Google DeepMind Unveils Framework for Measuring AGI Evolution

Cognitive science-based staged evaluation system charts path to artificial general intelligence

AI Reporter Alpha·2026년 3월 21일 토 00:03·7 min read·

Summary

•Google DeepMind unveiled a cognitive framework for measuring AGI development progress, evaluating AI capabilities across six cognitive domains and five maturity levels.
•Current state-of-the-art LLMs are at Level 2-3 in language and reasoning domains, while motor and social interaction domains remain at Level 0-1.
•This framework redefines AGI not as a single goal but as a gradual development process across multiple cognitive domains, establishing foundations for stage-by-stage safety governance.

A New Standard for Measuring AI 'Intelligence'

Google DeepMind has unveiled a cognitive framework designed to objectively measure the developmental progress toward Artificial General Intelligence (AGI). This research goes beyond simply defining "what AGI is" to present a system for evaluating, stage by stage, how far current AI systems have evolved toward human-level general intelligence.

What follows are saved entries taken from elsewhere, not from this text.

lemma clos_form_dd: "dd_form sc ip clos_form"
  unfolding dd_form_def clos_form_def case_prod_conv
  by (intro conjI ballI allI impI clos_dom_dense_subspace clos_val_outside clos_val_add_left
      clos_val_sc_left clos_val_add_right clos_val_sc_right)

lemma clos_form_positive: "positive_form clos_form"
  unfolding positive_form_def clos_form_def fst_conv snd_conv
proof
  fix y assume y: "y \<in> clos_dom"
  have b: "approximates y (approx_seq y)" using approx_seq y by auto
  have l1: "(\<lambda>n. graph_ip ip A (approx_seq y n) (approx_seq y n)) \<longlonglongrightarrow> clos_val y y + ip y y"
    by (rule clos_val_tendsto[OF b b])
  have qr: "graph_ip ip A (approx_seq y n) (approx_seq y n) = complex_of_real (E.Q (approx_seq y n))" for n
    by (rule E.q_real) (use b approximates_in in auto)
  have ipr: "ip y y = complex_of_real (H.Q y)" by (rule H.q_real) simp
  have "(\<lambda>n. Im (graph_ip ip A (approx_seq y n) (approx_seq y n))) \<longlonglongrightarrow> Im (clos_val y y + ip y y)" by (intro tendsto_intros l1)
  then have "(\<lambda>n. 0) \<longlonglongrightarrow> Im (clos_val y y + ip y y)" using qr by simp
  then have im: "Im (clos_val y y + ip y y) = 0" using LIMSEQ_unique[OF _ tendsto_const] by metis
  have l2: "(\<lambda>n. E.Q (approx_seq y n)) \<longlonglongrightarrow> Re (clos_val y y + ip y y)"
    using tendsto_Re[OF l1] qr by simp
  have l3: "(\<lambda>n. H.Q (approx_seq y n)) \<longlonglongrightarrow> H.Q y" using H.conv_Q_tendsto b
    unfolding approximates_def by blast
  have "H.Q y \<le> Re (clos_val y y + ip y y)"
    by (rule LIMSEQ_le[OF l3 l2]) (use H_Q_le_E_Q b approximates_in in auto)
  then show "Im (clos_val y y) = 0 \<and> 0 \<le> Re (clos_val y y)" using im ipr by simp
qed

end

sublocale pos_sa_op_on \<subseteq> Cl: positive_form_on sc ip clos_form
  by unfold_locales (rule clos_form_dd, rule clos_form_positive)

context pos_sa_op_on begin

lemma Cl_Q_eq: "Cl.F.Q v = Re (clos_val v v) + form_shift clos_form * H.Q v"
  using Cl.F_Q_eq unfolding clos_form_def by simp

lemma E_Q_diff_tendsto:
  assumes x: "x \<in> fst A" and a: "approximates y X"
  shows "(\<lambda>m. E.Q (x - X m)) \<longlonglongrightarrow> Re (clos_val (x - y) (x - y)) + H.Q (x - y)"
proof -
  have ap: "approximates (x - y) (\<lambda>m. x - X m)" by (rule approximates_diff[OF approximates_const[OF x] a])
  have "(\<lambda>m. Re (graph_ip ip A (x - X m) (x - X m))) \<longlonglongrightarrow> Re (clos_val (x - y) (x - y) + ip (x - y) (x - y))"
    by (intro tendsto_intros clos_val_tendsto[OF ap ap])
  then show ?thesis unfolding E.Q_def H.Q_def by simp
qed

Designed based on cognitive science research, this framework aims to analyze AI system capabilities multilaterally and visualize "where we are now."

Why We Need AGI Measurement Systems Now

While AGI has long been referenced in the AI industry as the "ultimate goal," there has been insufficient consensus on what it actually is and how to measure it. OpenAI defines it as "systems that outperform humans at most economically valuable work," while other researchers define it as "at or above human level across all cognitive tasks"—interpretations vary widely.

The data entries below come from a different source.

(* Fix $\theta\in(1/2,7/8]$, an interval $[\underline h,\bar h]\subset(0,1)$, $h_1\in[0,1]$, $\alpha\in[0,1]$. Assume that for every realization of the disorder and every $h_0\in[\underline h,\bar h]$, $\langle\sigma_i\sigma_j\rangle_{h_0,h_1,\alpha}-\langle\sigma_i\rangle_{h_0,h_1,\alpha}\langle\sigma_j\rangle_{h_0,h_1,\alpha}\ge 0$ for all $i,j$. Assume the couplings satisfy the condition that $(J_X)$ are independent with finite second moments and $\sum_{X\subset\{1,\dots,n\}}\mathrm{Var}(J_X)\le Cn$ for a constant $C$ independent of $n$, and let $C_P>0$ be a constant independent of $n,h_0,h_1,\alpha$ such that $\mathbb E[(P_n(h_0,h_1,\alpha)-p_n(h_0,h_1,\alpha))^2]\le C_P/n$ for all $h_0,h_1,\alpha\in[0,1]$. Then for all sufficiently large $n$, $$\int_{\underline h}^{\bar h}dh_0\,\mathbb E\big\langle\big(Q_1-\mathbb E\langle Q_1\rangle_{h_0,h_1,\alpha}\big)^2\big\rangle_{h_0,h_1,\alpha}\le\frac{5C_P+42}{n^{1/3}}.$$
   Context: Spins $\boldsymbol\sigma\in\{-1,1\}^n$, $\sigma_X=\prod_{i\in X}\sigma_i$. The couplings $J_X\ge 0$, $X\subset\{1,\dots,n\}$, are independent random variables; $\tau_1,\dots,\tau_n$ are i.i.d. Poisson with mean $\alpha n^{\theta-1}$, independent of the couplings. Hamiltonian $\mathcal H(\boldsymbol\sigma)=-\sum_XJ_X\sigma_X-h_0\sum_i\sigma_i-h_1\sum_i\tau_i\sigma_i$, partition function $\mathcal Z_{h_0,h_1,\alpha}=\sum_{\boldsymbol\sigma}e^{-\mathcal H}$, Gibbs expectation $\langle\cdot\rangle_{h_0,h_1,\alpha}$ (for several replicas, the product Gibbs measure of independent copies). Pressure $P_n(h_0,h_1,\alpha)=\frac1n\ln\mathcal Z_{h_0,h_1,\alpha}$, $p_n=\mathbb EP_n$, where $\mathbb E$ is expectation over all couplings $J_X$ and over $\boldsymbol\tau$. Overlap $Q_1=\frac1n\sum_i\sigma_i$. *)

theory Defs
  imports "HOL-Probability.Probability"
begin

definition spins :: "nat \<Rightarrow> (nat \<Rightarrow> real) set" where
  "spins n = PiE {1..n} (\<lambda>_. {-1, 1})"

definition hamiltonian ::
  "nat \<Rightarrow> (nat set \<Rightarrow> real) \<Rightarrow> (nat \<Rightarrow> nat) \<Rightarrow> real \<Rightarrow> real \<Rightarrow> (nat \<Rightarrow> real) \<Rightarrow> real" where
  "hamiltonian n J tau h0 h1 \<sigma> =
     - (\<Sum>X\<in>Pow {1..n}. J X * (\<Prod>i\<in>X. \<sigma> i))
     - h0 * (\<Sum>i\<in>{1..n}. \<sigma> i)
     - h1 * (\<Sum>i\<in>{1..n}. real (tau i) * \<sigma> i)"

definition partition_fn ::
  "nat \<Rightarrow> (nat set \<Rightarrow> real) \<Rightarrow> (nat \<Rightarrow> nat) \<Rightarrow> real \<Rightarrow> real \<Rightarrow> real" where
  "partition_fn n J tau h0 h1 = (\<Sum>\<sigma>\<in>spins n. exp (- hamiltonian n J tau h0 h1 \<sigma>))"

definition gibbs ::
  "nat \<Rightarrow> (nat set \<Rightarrow> real) \<Rightarrow> (nat \<Rightarrow> nat) \<Rightarrow> real \<Rightarrow> real \<Rightarrow> ((nat \<Rightarrow> real) \<Rightarrow> real) \<Rightarrow> real" where
  "gibbs n J tau h0 h1 f =
     (\<Sum>\<sigma>\<in>spins n. f \<sigma> * exp (- hamiltonian n J tau h0 h1 \<sigma>)) / partition_fn n J tau h0 h1"

definition pressure ::
  "nat \<Rightarrow> (nat set \<Rightarrow> real) \<Rightarrow> (nat \<Rightarrow> nat) \<Rightarrow> real \<Rightarrow> real \<Rightarrow> real" where
  "pressure n J tau h0 h1 = ln (partition_fn n J tau h0 h1) / real n"

definition overlap :: "nat \<Rightarrow> (nat \<Rightarrow> real) \<Rightarrow> real" where
  "overlap n \<sigma> = (\<Sum>i\<in>{1..n}. \<sigma> i) / real n"

text \<open>Poisson distribution with mean r \<ge> 0 (r = 0 allowed: point mass at 0).\<close>
definition poisson_measure :: "real \<Rightarrow> nat measure" where
  "poisson_measure r = density (count_space UNIV) (\<lambda>k. ennreal (r ^ k / fact k * exp (- r)))"

definition disorder ::
  "(nat \<Rightarrow> nat set \<Rightarrow> real measure) \<Rightarrow> real \<Rightarrow> nat \<Rightarrow> real \<Rightarrow> ((nat set \<Rightarrow> real) \<times> (nat \<Rightarrow> nat)) measure" where
  "disorder \<mu> \<theta> n \<alpha> =
     (\<Pi>\<^sub>M X\<in>Pow {1..n}. \<mu> n X) \<Otimes>\<^sub>M
     (\<Pi>\<^sub>M i\<in>{1..n}. poisson_measure (\<alpha> * real n powr (\<theta> - 1)))"

end

theory Submission
  imports Defs "HOL-Real_Asymp.Real_Asymp"
begin

(*
  The pressure P(h) = ln Z(h) / n is convex in the field h, with the thermal mean overlap <Q> as
  subgradient, hence 1-Lipschitz.  Thermal fluctuations: the second difference of the log-moment
  generating function of n Q at step 1/(2n) is at least ln (1 + Var(Q) / 8), which yields
  <Q^2> - <Q>^2 <= 16 n (P(h + eta) + P(h - eta) - 2 P(h)) with eta = 1/(2n).  Disorder
  fluctuations: convexity squeezes delta (<Q> - E<Q>) between differences of P - E P at h and
  h +- delta, up to the second difference of p = E P at scale delta, and the concentration
  hypothesis bounds E (P - p)^2 by C_P / n.  Integrated over h, a second difference of the
  1-Lipschitz function p at scale eps contributes at most 2 eps^2, so the integral is
  O(1/n + C_P / (n delta^2) + delta); delta of order n^(-1/3) balances the last two terms.
*)

section \<open>Weighted averages\<close>

lemma cosh_lower_bound: "2 + (y::real)\<^sup>2 / 2 \<le> exp y + exp (- y)"
proof (cases "0 \<le> y")
  case True
  then show ?thesis
    using exp_lower_Taylor_quadratic[of y] exp_ge_add_one_self[of "- y"] by linarith
next
  case False
  then have "1 - y + y\<^sup>2 / 2 \<le> exp (- y)"
    using exp_lower_Taylor_quadratic[of "- y"] by simp
  then show ?thesis
    using exp_ge_add_one_self[of y] by linarith
qed

definition weighted_avg :: "'a set \<Rightarrow> ('a \<Rightarrow> real) \<Rightarrow> ('a \<Rightarrow> real) \<Rightarrow> real" where
  "weighted_avg A w f = (\<Sum>x\<in>A. f x * w x) / (\<Sum>x\<in>A. w x)"

locale positive_weights =
  fixes A :: "'a set" and w :: "'a \<Rightarrow> real"
  assumes finite_domain: "finite A" and nonempty_domain: "A \<noteq> {}"
    and weight_pos: "\<And>x. x \<in> A \<Longrightarrow> 0 < w x"
begin

abbreviation avg :: "('a \<Rightarrow> real) \<Rightarrow> real" where
  "avg \<equiv> weighted_avg A w"

lemma weight_sum_pos: "0 < (\<Sum>x\<in>A. w x)"
  using finite_domain nonempty_domain weight_pos by (simp add: sum_pos)

lemma avg_add: "avg (\<lambda>x. f x + g x) = avg f + avg g"
  unfolding weighted_avg_def by (simp add: distrib_right sum.distrib add_divide_distrib)

lemma avg_diff: "avg (\<lambda>x. f x - g x) = avg f - avg g"
  unfolding weighted_avg_def by (simp add: left_diff_distrib sum_subtractf diff_divide_distrib)

lemma avg_cmult: "avg (\<lambda>x. c * f x) = c * avg f"
  unfolding weighted_avg_def by (simp add: sum_distrib_left mult.assoc)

Google DeepMind introduced a developmental model to resolve this confusion. Rather than simply judging AI as "achieved/not achieved," this approach tracks in detail what stage of cognitive capability has been implemented.

The importance of this approach is twofold:

Setting research direction: By clearly identifying current AI strengths and weaknesses, it can guide what research is needed to advance to the next stage.
Establishing safety discussion foundations: As AGI levels increase, societal impact grows, requiring appropriate safety measures and governance systems prepared for each stage.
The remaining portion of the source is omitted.